Date of Report (Date of earliest event reported): August 22, 2014

 

 

R. G. BARRY CORPORATION

(Exact name of registrant as specified in its charter)

 

 

 

Ohio   1-8769   31-4362899

(State or other jurisdiction

of incorporation)

 

(Commission

File Number)

 

(IRS Employer

Identification No.)

 

13405 Yarmouth Road N.W., Pickerington, Ohio   43147
(Address of principal executive offices)   (Zip Code)

(614) 864-6400

(Registrant’s telephone number, including area code)

Not Applicable

(Former name or former address, if changed since last report)

 

 

Check the appropriate box below if the Form 8-K filing is intended to simultaneously satisfy the filing obligation of the registrant under any of the following provisions (see General Instruction A.2. below):

 

¨ Written communications pursuant to Rule 425 under the Securities Act (17 CFR 230.425)

 

x Soliciting material pursuant to Rule 14a-12 under the Exchange Act (17 CFR 240.14a-12)

 

¨ Pre-commencement communications pursuant to Rule 14d-2(b) under the Exchange Act (17 CFR 240.14d-2(b))

 

¨ Pre-commencement communications pursuant to Rule 13e-4(c) under the Exchange Act (17 CFR 240.13e-4(c))

 

 

 


Item 8.01 Other Events.

On August 1, 2014, R. G. Barry Corporation (“we,” “us” or “R. G. Barry”) filed with the Securities and Exchange Commission (the “SEC”) a Definitive Proxy Statement on Schedule 14A (the “Definitive Proxy Statement”), dated August 1, 2014, with respect to the Special Meeting of Shareholders of R. G. Barry to be held on September 3, 2014 (the “Special Meeting”) to, among other things, consider and vote upon a proposal to adopt the Agreement and Plan of Merger, dated as of May 1, 2014, by and among MRGB Hold Co., MRVK Merger Co. (a wholly-owned subsidiary of MRGB Hold Co.), and R. G. Barry (the “Merger Agreement”), pursuant to which MRVK Merger Co. will merge with and into R. G. Barry with R. G. Barry surviving as a wholly-owned subsidiary of MRGB Hold Co. (the “Merger”).
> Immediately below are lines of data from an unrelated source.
(* Let $\Omega$ be a Polish space admitting a nonzero atomless finite positive Borel measure (e.g. $\Omega=\mathbb{R}$). Then $\mathscr{L}(\mathscr{M}(\Omega),\sigma)$ is not an ideal of $\mathscr{L}(\mathscr{M}(\Omega))$: for every positive measure $\mu\ne0$ there is an operator $T\in\mathscr{L}(\mathscr{M}(\Omega))$ with $0\le T\le \mathbb{1}\otimes\mu$ (where $(\mathbb{1}\otimes\mu)\nu=\nu(\Omega)\mu$ is weakly continuous) such that $T$ is not weakly continuous.
   Context: $\mathscr{M}(\Omega)$ is the Banach lattice of finite signed Borel measures; $\mathscr{L}(\mathscr{M}(\Omega))$ the bounded operators on it with the order $S\le T$ iff $S\mu\le T\mu$ for positive $\mu$. An operator is weakly continuous if $(T\nu)(A)=\int k(x,A)\,d\nu(x)$ for a bounded transition kernel $k$ (a map $\Omega\times\mathscr{B}(\Omega)\to\mathbb{R}$, signed measure in the second variable, measurable in the first, with $\sup_x\lvert k\rvert(x,\Omega)<\infty$); equivalently, its norm adjoint leaves the space $B_b(\Omega)$ of bounded Borel functions invariant. $\mathscr{L}(\mathscr{M}(\Omega),\sigma)$ is the space of weakly continuous operators. *)

theory Defs
  imports "HOL-Analysis.Analysis"
begin

text \<open>Finite signed Borel measures on \<Omega> (a type of class polish_space) are represented as
  real-valued set functions that vanish on non-Borel sets, vanish on the empty set and are
  countably additive on the Borel sets.\<close>

definition signed_measure :: "('a::topological_space set \<Rightarrow> real) \<Rightarrow> bool" where
  "signed_measure \<nu> \<longleftrightarrow>
     (\<forall>A. A \<notin> sets borel \<longrightarrow> \<nu> A = 0) \<and> \<nu> {} = 0 \<and>
     (\<forall>A::nat \<Rightarrow> 'a set. range A \<subseteq> sets borel \<longrightarrow> disjoint_family A \<longrightarrow>
        (\<lambda>n. \<nu> (A n)) sums \<nu> (\<Union>n. A n))"

definition positive_sm :: "('a::topological_space set \<Rightarrow> real) \<Rightarrow> bool" where
  "positive_sm \<nu> \<longleftrightarrow> signed_measure \<nu> \<and> (\<forall>A. \<nu> A \<ge> 0)"

definition tv_norm :: "('a::topological_space set \<Rightarrow> real) \<Rightarrow> real" where
  "tv_norm \<nu> = (SUP P \<in> {P. finite P \<and> P \<subseteq> sets borel \<and> disjoint P}. \<Sum>A\<in>P. \<bar>\<nu> A\<bar>)"

definition pos_var :: "('a::topological_space set \<Rightarrow> real) \<Rightarrow> 'a set \<Rightarrow> real" where
  "pos_var \<nu> A = (SUP B \<in> {B. B \<in> sets borel \<and> B \<subseteq> A}. \<nu> B)"

definition pos_meas :: "('a::topological_space set \<Rightarrow> real) \<Rightarrow> 'a measure" where
  "pos_meas \<nu> = measure_of UNIV (sets borel) (\<lambda>A. ennreal (pos_var \<nu> A))"

definition neg_meas :: "('a::topological_space set \<Rightarrow> real) \<Rightarrow> 'a measure" where
  "neg_meas \<nu> = pos_meas (\<lambda>A. - \<nu> A)"

definition sm_integral :: "('a::topological_space set \<Rightarrow> real) \<Rightarrow> ('a \<Rightarrow> real) \<Rightarrow> real" where
  "sm_integral \<nu> f = (\<integral>x. f x \<partial>pos_meas \<nu>) - (\<integral>x. f x \<partial>neg_meas \<nu>)"

definition bounded_op ::
  "(('a::topological_space set \<Rightarrow> real) \<Rightarrow> ('a set \<Rightarrow> real)) \<Rightarrow> bool" where
  "bounded_op T \<longleftrightarrow>
     (\<forall>\<nu>. signed_measure \<nu> \<longrightarrow> signed_measure (T \<nu>)) \<and>
     (\<forall>\<nu> \<eta> a b. signed_measure \<nu> \<longrightarrow> signed_measure \<eta> \<longrightarrow>
        T (\<lambda>A. a * \<nu> A + b * \<eta> A) = (\<lambda>A. a * T \<nu> A + b * T \<eta> A)) \<and>
     (\<exists>C. \<forall>\<nu>. signed_measure \<nu> \<longrightarrow> tv_norm (T \<nu>) \<le> C * tv_norm \<nu>)"

definition bounded_kernel :: "('a::topological_space \<Rightarrow> 'a set \<Rightarrow> real) \<Rightarrow> bool" where
  "bounded_kernel k \<longleftrightarrow>
     (\<forall>x. signed_measure (k x)) \<and>
     (\<forall>A \<in> sets borel. (\<lambda>x. k x A) \<in> borel_measurable borel) \<and>
     (\<exists>C. \<forall>x. tv_norm (k x) \<le> C)"

definition weakly_continuous ::
  "(('a::topological_space set \<Rightarrow> real) \<Rightarrow> ('a set \<Rightarrow> real)) \<Rightarrow> bool" where
  "weakly_continuous T \<longleftrightarrow> bounded_op T \<and>
     (\<exists>k. bounded_kernel k \<and>
        (\<forall>\<nu>. signed_measure \<nu> \<longrightarrow>
           (\<forall>A \<in> sets borel. T \<nu> A = sm_integral \<nu> (\<lambda>x. k x A))))"

definition one_tensor :: "('a set \<Rightarrow> real) \<Rightarrow> ('a set \<Rightarrow> real) \<Rightarrow> ('a set \<Rightarrow> real)" where
  "one_tensor \<mu> \<nu> = (\<lambda>A. \<nu> UNIV * \<mu> A)"

definition op_le ::
  "(('a::topological_space set \<Rightarrow> real) \<Rightarrow> ('a set \<Rightarrow> real)) \<Rightarrow> (('a set \<Rightarrow> real) \<Rightarrow> ('a set \<Rightarrow> real)) \<Rightarrow> bool" where
  "op_le S T \<longleftrightarrow> (\<forall>\<nu>. positive_sm \<nu> \<longrightarrow> (\<forall>A. S \<nu> A \<le> T \<nu> A))"

definition atomless_sm :: "('a::topological_space set \<Rightarrow> real) \<Rightarrow> bool" where
  "atomless_sm m \<longleftrightarrow> \<not> (\<exists>A \<in> sets borel. m A > 0 \<and>
       (\<forall>B \<in> sets borel. B \<subseteq> A \<longrightarrow> m B = 0 \<or> m B = m A))"

end

theory Submission
  imports Defs "HOL-Probability.Probability"
begin

text \<open>The operator \<open>T \<nu> = \<nu>\<^sub>c(\<Omega>) \<mu>\<close>, where \<open>\<nu>\<^sub>c(\<Omega>) = \<nu>(\<Omega>) - \<Sum>\<^sub>x \<nu>{x}\<close> is the total
  mass of the diffuse part of \<open>\<nu>\<close>, is bounded and squeezed between \<open>0\<close> and \<open>\<one> \<otimes> \<mu>\<close>. It
  annihilates every Dirac measure. A kernel \<open>k\<close> representing \<open>T\<close> would satisfy
  \<open>k(x, A) = (T \<delta>\<^sub>x)(A) = 0\<close>, so \<open>T\<close> would vanish on all measures; but on the atomless
  measure \<open>m\<close> it gives \<open>m(\<Omega>) \<mu> \<noteq> 0\<close>.\<close>

lemma signed_measure_nonborel: "signed_measure \<nu> \<Longrightarrow> A \<notin> sets borel \<Longrightarrow> \<nu> A = 0"
  by (simp add: signed_measure_def)

lemma signed_measure_empty: "signed_measure \<nu> \<Longrightarrow> \<nu> {} = 0"
  by (simp add: signed_measure_def)

lemma signed_measure_sums:
  "signed_measure \<nu> \<Longrightarrow> range A \<subseteq> sets borel \<Longrightarrow> disjoint_family A \<Longrightarrow>
   (\<lambda>n. \<nu> (A n)) sums \<nu> (\<Union>n. A n)"
  by (simp add: signed_measure_def)

lemma signed_measure_Un:
  assumes "signed_measure \<nu>" "A \<in> sets borel" "B \<in> sets borel" "A \<inter> B = {}"
  shows "\<nu> (A \<union> B) = \<nu> A + \<nu> B"
proof -
  define F where "F = (\<lambda>n::nat. if n = 0 then A else if n = 1 then B else {})"
  have "range F \<subseteq> sets borel" "disjoint_family F"
    using assms unfolding disjoint_family_on_def F_def by auto
  moreover have "(\<Union>n. F n) = A \<union> B"
    by (auto simp: F_def split: if_splits)
  ultimately have "(\<lambda>n. \<nu> (F n)) sums \<nu> (A \<union> B)"
    using signed_measure_sums[OF assms(1)] by metis
  moreover have "(\<lambda>n. \<nu> (F n)) sums (\<Sum>n\<in>{0,1}. \<nu> (F n))"
    by (rule sums_finite) (auto simp: F_def signed_measure_empty[OF assms(1)])
  ultimately show ?thesis
    by (simp add: F_def sums_unique2)
qed

lemma signed_measure_Diff:
  assumes "signed_measure \<nu>" "A \<in> sets borel" "B \<in> sets borel" "A \<subseteq> B"
  shows "\<nu> (B - A) = \<nu> B - \<nu> A"
  using signed_measure_Un[OF assms(1,2), of "B - A"] assms Un_Diff_cancel2[of A B]
  by (auto simp: Un_absorb1)

lemma signed_measure_Int_Diff:
  assumes "signed_measure \<nu>" "A \<in> sets borel" "B \<in> sets borel"
  shows "\<nu> A = \<nu> (A \<inter> B) + \<nu> (A - B)"
  using signed_measure_Un[OF assms(1), of "A \<inter> B" "A - B"] assms Int_Diff_Un[of A B] by auto

lemma signed_measure_finite_Union:
  assumes "signed_measure \<nu>" "finite P" "P \<subseteq> sets borel" "disjoint P"
  shows "(\<Sum>A\<in>P. \<nu> A) = \<nu> (\<Union>P)"
  using assms(2,3,4)
proof (induction P rule: finite_induct)
  case empty
  then show ?case by (simp add: signed_measure_empty[OF assms(1)])
next
  case (insert A P)
  have "A \<inter> \<Union>P = {}" using insert.prems(2) insert.hyps(2)
    by (auto simp: pairwise_insert disjnt_def)
  moreover have "\<Union>P \<in> sets borel" using insert by (auto intro: sets.finite_Union)
  ultimately have "\<nu> (\<Union>(insert A P)) = \<nu> A + \<nu> (\<Union>P)"
    using signed_measure_Un[OF assms(1), of A "\<Union>P"] insert.prems by auto
  then show ?case using insert by (simp add: pairwise_insert)
qed

lemma finite_in_borel: "finite (F::'a::t1_space set) \<Longrightarrow> F \<in> sets borel"
  by (simp add: borel_closed finite_imp_closed)

lemma signed_measure_sum_singletons:
  assumes "signed_measure \<nu>" "finite (F::'a::t1_space set)"
  shows "(\<Sum>x\<in>F. \<nu> {x}) = \<nu> F"
proof -
  have "(\<lambda>x. {x}) ` F \<subseteq> sets borel" "disjoint ((\<lambda>x. {x}) ` F)"
    by (auto simp: finite_in_borel pairwise_def disjnt_def)
  then show ?thesis
    using signed_measure_finite_Union[OF assms(1), of "(\<lambda>x. {x}) ` F"] assms(2)
    by (simp add: sum.reindex)
qed

lemma signed_measure_cmult: "signed_measure \<nu> \<Longrightarrow> signed_measure (\<lambda>A. c * \<nu> A)"
  unfolding signed_measure_def by (auto intro: sums_mult)

lemma signed_measure_uminus: "signed_measure \<nu> \<Longrightarrow> signed_measure (\<lambda>A. - \<nu> A)"
  using signed_measure_cmult[of \<nu> "-1"] by simp

lemma positive_sm_mono:
  assumes "positive_sm \<mu>" "A \<subseteq> B" "B \<in> sets borel"
  shows "\<mu> A \<le> \<mu> B"
proof (cases "A \<in> sets borel")
  case True
  then show ?thesis
    using signed_measure_Diff[of \<mu> A B] assms unfolding positive_sm_def
    by (metis diff_ge_0_iff_ge)
next
  case False
  then show ?thesis using assms by (simp add: positive_sm_def signed_measure_def)
qed
lemma tendsto_mono_fun_compose:
  fixes f :: "'a \<Rightarrow> real \<Rightarrow> real"
  assumes mono: "\<And>n. mono (f n)"
    and pointwise: "\<And>x. ((\<lambda>n. f n x) \<longlongrightarrow> G x) F"
    and cont: "isCont G z"
    and zn: "(zn \<longlongrightarrow> z) F"
  shows "((\<lambda>n. f n (zn n)) \<longlongrightarrow> G z) F"
proof (rule tendstoI)
  fix e :: real assume "e > 0"
  then obtain d where "d > 0" and d: "\<And>w. dist w z < d \<Longrightarrow> dist (G w) (G z) < e / 2"
    using cont unfolding continuous_at_eps_delta by (meson half_gt_zero)
  have "dist (z - d / 2) z < d" "dist (z + d / 2) z < d"
    using \<open>d > 0\<close> by (simp_all add: dist_real_def)
  then have G_lo: "dist (G (z - d / 2)) (G z) < e / 2" and G_hi: "dist (G (z + d / 2)) (G z) < e / 2"
    by (simp_all only: d)
  have "\<forall>\<^sub>F n in F. dist (f n (z - d / 2)) (G (z - d / 2)) < e / 2"
    and "\<forall>\<^sub>F n in F. dist (f n (z + d / 2)) (G (z + d / 2)) < e / 2"
    using \<open>e > 0\<close> by (intro tendstoD[OF pointwise], simp)+
  moreover have "\<forall>\<^sub>F n in F. dist (zn n) z < d / 2"
    using \<open>d > 0\<close> by (intro tendstoD[OF zn]) simp
  ultimately show "\<forall>\<^sub>F n in F. dist (f n (zn n)) (G z) < e"
  proof eventually_elim
    case (elim n)
    then have "z - d / 2 \<le> zn n" "zn n \<le> z + d / 2"
      unfolding dist_real_def abs_less_iff by linarith+
    then have "f n (z - d / 2) \<le> f n (zn n)" "f n (zn n) \<le> f n (z + d / 2)"
      using monoD[OF mono] by blast+
    then show ?case
      using elim G_lo G_hi unfolding dist_real_def abs_less_iff by linarith
  qed
qed

lemma (in finite_measure) mono_measure_le:
  fixes f :: "'a \<Rightarrow> real"
  assumes "f \<in> borel_measurable M"
  shows "mono (\<lambda>y. measure M {\<omega> \<in> space M. f \<omega> \<le> y})"
proof (intro monoI finite_measure_mono)
  fix y :: real
  show "{\<omega> \<in> space M. f \<omega> \<le> y} \<in> sets M" using assms by measurable
qed auto

lemma borel_measurable_Mmax:
  assumes "\<And>i. X i \<in> borel_measurable M"
  shows "Mmax X j \<in> borel_measurable M"
  unfolding Mmax_def[abs_def] using assms by (intro borel_measurable_Max) auto

locale second_order_erv =
  fixes a b A :: "real \<Rightarrow> real" and \<gamma> \<rho> :: real
  assumes a_pos: "\<And>s. a s > 0"
    and A_nonzero: "\<forall>\<^sub>F s in at_top. A s \<noteq> 0"
    and A_tendsto: "(A \<longlongrightarrow> 0) at_top"
    and second_order: "\<And>x. x > 0 \<Longrightarrow>
      ((\<lambda>s. (1 / A s) * ((b (s * x) - b s) / a s - boxcox \<gamma> x)) \<longlongrightarrow> H2 \<gamma> \<rho> x) at_top"
begin

lemma a_neq_0 [simp]: "a s \<noteq> 0"
  using a_pos[of s] by simp

definition so_remainder :: "real \<Rightarrow> real \<Rightarrow> real" where
  "so_remainder s x = (1 / A s) * ((b (s * x) - b s) / a s - boxcox \<gamma> x)"

lemma so_remainder_tendsto:
  assumes "x > 0" "filterlim s at_top F"
  shows "((\<lambda>n. so_remainder (s n) x) \<longlongrightarrow> H2 \<gamma> \<rho> x) F"
  unfolding so_remainder_def by (rule filterlim_compose[OF second_order[OF assms(1)] assms(2)])

lemma eventually_A_nonzero:
  assumes "filterlim s at_top F"
  shows "\<forall>\<^sub>F n in F. A (s n) \<noteq> 0"
  using eventually_compose_filterlim[OF A_nonzero assms] .

lemma so_remainder_rescale:
  assumes "\<theta> > 0" "y > 0" "A s \<noteq> 0" "A (\<theta> * s) \<noteq> 0"
  shows "so_remainder s (\<theta> * y) - so_remainder s \<theta> =
    (a (\<theta> * s) / a s - \<theta> powr \<gamma>) / A s * boxcox \<gamma> y
    + a (\<theta> * s) / a s * A (\<theta> * s) / A s * so_remainder (\<theta> * s) y"
proof -
  have "s * (\<theta> * y) = \<theta> * s * y" "s * \<theta> = \<theta> * s" by simp_all
  then show ?thesis
    using assms boxcox_mult[OF assms(1,2), of \<gamma>] unfolding so_remainder_def
    by (simp add: field_simps)
qed

lemma location_shift_eq:
  assumes "A s \<noteq> 0"
  shows "(b s + a s * boxcox \<gamma> \<theta> - b (\<theta> * s)) / a (\<theta> * s)
    = - (A s * so_remainder s \<theta> / (a (\<theta> * s) / a s))"
  using assms unfolding so_remainder_def by (simp add: field_simps mult.commute[of s])

lemma second_order_scale_ratio:
  assumes "\<theta> > 0" "filterlim s at_top F"
  shows "((\<lambda>n. (a (\<theta> * s n) / a (s n) - \<theta> powr \<gamma>) / A (s n)) \<longlongrightarrow> \<theta> powr \<gamma> * boxcox \<rho> \<theta>) F"
proof -
  obtain y1 y2 where y: "y1 > 0" "y2 > 0"
    and det: "boxcox \<gamma> y1 * H2 \<gamma> \<rho> y2 - boxcox \<gamma> y2 * H2 \<gamma> \<rho> y1 \<noteq> 0"
    using boxcox_H2_independent by force
  have \<theta>s: "filterlim (\<lambda>n. \<theta> * s n) at_top F"
    using filterlim_tendsto_pos_mult_at_top[OF tendsto_const assms] .
  define u where "u n = (a (\<theta> * s n) / a (s n) - \<theta> powr \<gamma>) / A (s n)" for n
  define w where "w n = a (\<theta> * s n) / a (s n) * A (\<theta> * s n) / A (s n)" for n
  define E where "E y n = so_remainder (s n) (\<theta> * y) - so_remainder (s n) \<theta>" for y n
  define q where "q y n = so_remainder (\<theta> * s n) y" for y n
  define \<Delta> where "\<Delta> n = boxcox \<gamma> y1 * q y2 n - boxcox \<gamma> y2 * q y1 n" for n
  have \<Delta>: "(\<Delta> \<longlongrightarrow> boxcox \<gamma> y1 * H2 \<gamma> \<rho> y2 - boxcox \<gamma> y2 * H2 \<gamma> \<rho> y1) F"
    unfolding \<Delta>_def q_def by (intro tendsto_intros so_remainder_tendsto \<theta>s y)
  have "\<forall>\<^sub>F n in F. u n = (E y1 n * q y2 n - E y2 n * q y1 n) / \<Delta> n"
    using eventually_A_nonzero[OF assms(2)] eventually_A_nonzero[OF \<theta>s]
      tendsto_imp_eventually_ne[OF \<Delta> det]
  proof eventually_elim
    case (elim n)
    have "E y n = u n * boxcox \<gamma> y + w n * q y n" if "y > 0" for y
      unfolding E_def u_def w_def q_def using so_remainder_rescale assms(1) that elim by simp
    then have "E y1 n * q y2 n - E y2 n * q y1 n = u n * \<Delta> n"
      unfolding \<Delta>_def using y by (simp add: algebra_simps)
    then show ?case using elim by simp
  qed
  moreover have "((\<lambda>n. (E y1 n * q y2 n - E y2 n * q y1 n) / \<Delta> n) \<longlongrightarrow>
      ((H2 \<gamma> \<rho> (\<theta> * y1) - H2 \<gamma> \<rho> \<theta>) * H2 \<gamma> \<rho> y2 - (H2 \<gamma> \<rho> (\<theta> * y2) - H2 \<gamma> \<rho> \<theta>) * H2 \<gamma> \<rho> y1)
      / (boxcox \<gamma> y1 * H2 \<gamma> \<rho> y2 - boxcox \<gamma> y2 * H2 \<gamma> \<rho> y1)) F"
    unfolding E_def q_def using det assms(1) y
    by (intro tendsto_divide[OF _ \<Delta>] tendsto_intros so_remainder_tendsto \<theta>s assms(2)) auto
  moreover have "((H2 \<gamma> \<rho> (\<theta> * y1) - H2 \<gamma> \<rho> \<theta>) * H2 \<gamma> \<rho> y2 - (H2 \<gamma> \<rho> (\<theta> * y2) - H2 \<gamma> \<rho> \<theta>) * H2 \<gamma> \<rho> y1)
      / (boxcox \<gamma> y1 * H2 \<gamma> \<rho> y2 - boxcox \<gamma> y2 * H2 \<gamma> \<rho> y1) = \<theta> powr \<gamma> * boxcox \<rho> \<theta>"
    unfolding H2_mult[OF assms(1) y(1)] H2_mult[OF assms(1) y(2)] using det
    by (simp add: field_simps)
  ultimately show ?thesis unfolding u_def using tendsto_cong by force
qed

lemma scale_ratio_tendsto:
  assumes "\<theta> > 0" "filterlim s at_top F"
  shows "((\<lambda>n. a (\<theta> * s n) / a (s n)) \<longlongrightarrow> \<theta> powr \<gamma>) F"
proof -
  have "\<forall>\<^sub>F n in F. a (\<theta> * s n) / a (s n)
      = \<theta> powr \<gamma> + A (s n) * ((a (\<theta> * s n) / a (s n) - \<theta> powr \<gamma>) / A (s n))"
    using eventually_A_nonzero[OF assms(2)] by eventually_elim simp
  moreover have "((\<lambda>n. \<theta> powr \<gamma> + A (s n) * ((a (\<theta> * s n) / a (s n) - \<theta> powr \<gamma>) / A (s n)))
      \<longlongrightarrow> \<theta> powr \<gamma> + 0 * (\<theta> powr \<gamma> * boxcox \<rho> \<theta>)) F"
    by (intro tendsto_intros second_order_scale_ratio assms filterlim_compose[OF A_tendsto assms(2)])
  ultimately show ?thesis using tendsto_cong by force
qed

lemma scale_rate:
  assumes "\<theta> > 0" "filterlim s at_top F" "((\<lambda>n. \<kappa> n * A (s n)) \<longlongrightarrow> lam) F"
  shows "((\<lambda>n. \<kappa> n * (a (s n) * \<theta> powr \<gamma> / a (\<theta> * s n) - 1)) \<longlongrightarrow> - lam * boxcox \<rho> \<theta>) F"
proof -
  have "\<forall>\<^sub>F n in F. \<kappa> n * (a (s n) * \<theta> powr \<gamma> / a (\<theta> * s n) - 1)
      = - (\<kappa> n * A (s n)) * ((a (\<theta> * s n) / a (s n) - \<theta> powr \<gamma>) / A (s n)) / (a (\<theta> * s n) / a (s n))"
    using eventually_A_nonzero[OF assms(2)] by eventually_elim (simp add: field_simps)
  moreover have "((\<lambda>n. - (\<kappa> n * A (s n)) * ((a (\<theta> * s n) / a (s n) - \<theta> powr \<gamma>) / A (s n))
      / (a (\<theta> * s n) / a (s n))) \<longlongrightarrow> - lam * (\<theta> powr \<gamma> * boxcox \<rho> \<theta>) / \<theta> powr \<gamma>) F"
    using assms(1) by (intro tendsto_intros assms second_order_scale_ratio scale_ratio_tendsto) auto
  ultimately show ?thesis using assms(1) tendsto_cong by force
qed

lemma location_rate:
  assumes "\<theta> > 0" "filterlim s at_top F" "((\<lambda>n. \<kappa> n * A (s n)) \<longlongrightarrow> lam) F"
  shows "((\<lambda>n. \<kappa> n * ((b (s n) + a (s n) * boxcox \<gamma> \<theta> - b (\<theta> * s n)) / a (\<theta> * s n)))
    \<longlongrightarrow> lam * \<theta> powr \<rho> * H2 \<gamma> \<rho> (1 / \<theta>) + lam * boxcox \<rho> \<theta> * boxcox \<gamma> (1 / \<theta>)) F"
proof -
  have "\<forall>\<^sub>F n in F. \<kappa> n * ((b (s n) + a (s n) * boxcox \<gamma> \<theta> - b (\<theta> * s n)) / a (\<theta> * s n))
      = - (\<kappa> n * A (s n) * so_remainder (s n) \<theta> / (a (\<theta> * s n) / a (s n)))"
    using eventually_A_nonzero[OF assms(2)] by eventually_elim (simp add: location_shift_eq)
  moreover have "((\<lambda>n. - (\<kappa> n * A (s n) * so_remainder (s n) \<theta> / (a (\<theta> * s n) / a (s n))))
      \<longlongrightarrow> - (lam * H2 \<gamma> \<rho> \<theta> / \<theta> powr \<gamma>)) F"
    using assms(1) by (intro tendsto_intros assms so_remainder_tendsto scale_ratio_tendsto) auto
  moreover have "- (lam * H2 \<gamma> \<rho> \<theta> / \<theta> powr \<gamma>)
      = lam * \<theta> powr \<rho> * H2 \<gamma> \<rho> (1 / \<theta>) + lam * boxcox \<rho> \<theta> * boxcox \<gamma> (1 / \<theta>)"
    using assms(1) by (subst H2_inverse) (auto simp: field_simps)
  ultimately show ?thesis using tendsto_cong by force
qed
lemma ratfun_mult:
  assumes "f \<in> ratfun" "g \<in> ratfun"
  shows "(\<lambda>x. f x * g x) \<in> ratfun"
proof -
  obtain p q where pq: "p \<in> ratpoly" "q \<in> ratpoly" and f: "\<And>x. generic x \<Longrightarrow> q x \<noteq> 0 \<and> f x = p x / q x"
    using assms(1) unfolding ratfun_def by blast
  obtain p' q' where pq': "p' \<in> ratpoly" "q' \<in> ratpoly" and g: "\<And>x. generic x \<Longrightarrow> q' x \<noteq> 0 \<and> g x = p' x / q' x"
    using assms(2) unfolding ratfun_def by blast
  have "(\<lambda>x. p x * p' x) \<in> ratpoly" "(\<lambda>x. q x * q' x) \<in> ratpoly"
    by (intro ratpoly.mult pq pq')+
  then show ?thesis
    by (rule ratfunI) (use f g in auto)
qed

lemma ratfun_divide:
  assumes "f \<in> ratfun" "g \<in> ratfun"
  shows "(\<lambda>x. f x / g x) \<in> ratfun"
proof -
  obtain p q where pq: "p \<in> ratpoly" "q \<in> ratpoly" and f: "\<And>x. generic x \<Longrightarrow> q x \<noteq> 0 \<and> f x = p x / q x"
    using assms(1) unfolding ratfun_def by blast
  obtain p' q' where pq': "p' \<in> ratpoly" "q' \<in> ratpoly" and g: "\<And>x. generic x \<Longrightarrow> q' x \<noteq> 0 \<and> g x = p' x / q' x"
    using assms(2) unfolding ratfun_def by blast
  show ?thesis
  proof (cases "\<forall>x. generic x \<longrightarrow> p' x \<noteq> 0")
    case True
    have "(\<lambda>x. p x * q' x) \<in> ratpoly" "(\<lambda>x. q x * p' x) \<in> ratpoly"
      by (intro ratpoly.mult pq pq')+
    then show ?thesis
      by (rule ratfunI) (use True f g in auto)
  next
    case False
    then have "p' x = 0" for x
      using ratpoly_generic_zero[OF pq'(1)] by blast
    then show ?thesis
      by (intro ratfunI[where p = "\<lambda>_. 0" and q = "\<lambda>_. 1"] ratpoly.const) (use g in auto)
  qed
qed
As previously disclosed on page 65 of the Definitive Proxy Statement, we are aware of two shareholder derivative and purported class action lawsuits that are currently pending. A third lawsuit relating to the Merger, which was filed in the Court of Common Pleas of Fairfield County, Ohio, has been voluntarily dismissed by the plaintiff. The remaining lawsuits, styled Neil Scarfuto v. David Lauer, et al, Case No. 14 CV 344 in the Court of Common Pleas for Fairfield County, Ohio (the “State Action”), and LR Trust, On Behalf of Itself and All Others Similarly Situated v. Nicholas DiPaolo, et al., Case No. 2:14-cv-612 in the United States District Court for the Southern District of Ohio (the “Federal Action”), remain pending for adjudication. Each remaining lawsuit generally alleges that the members of our Board of Directors breached their fiduciary duties to our shareholders by: agreeing to enter into the transaction for an allegedly unfair price; undertaking an allegedly unfair process that was inadequate and flawed and that failed to maximize shareholder value; including unfair deal protection devices in the Merger Agreement that allegedly precluded other bidders from presenting superior, alternative offers; and failing to fully disclose material information and making false and/or misleading statements concerning the Merger and the process that led to the Merger.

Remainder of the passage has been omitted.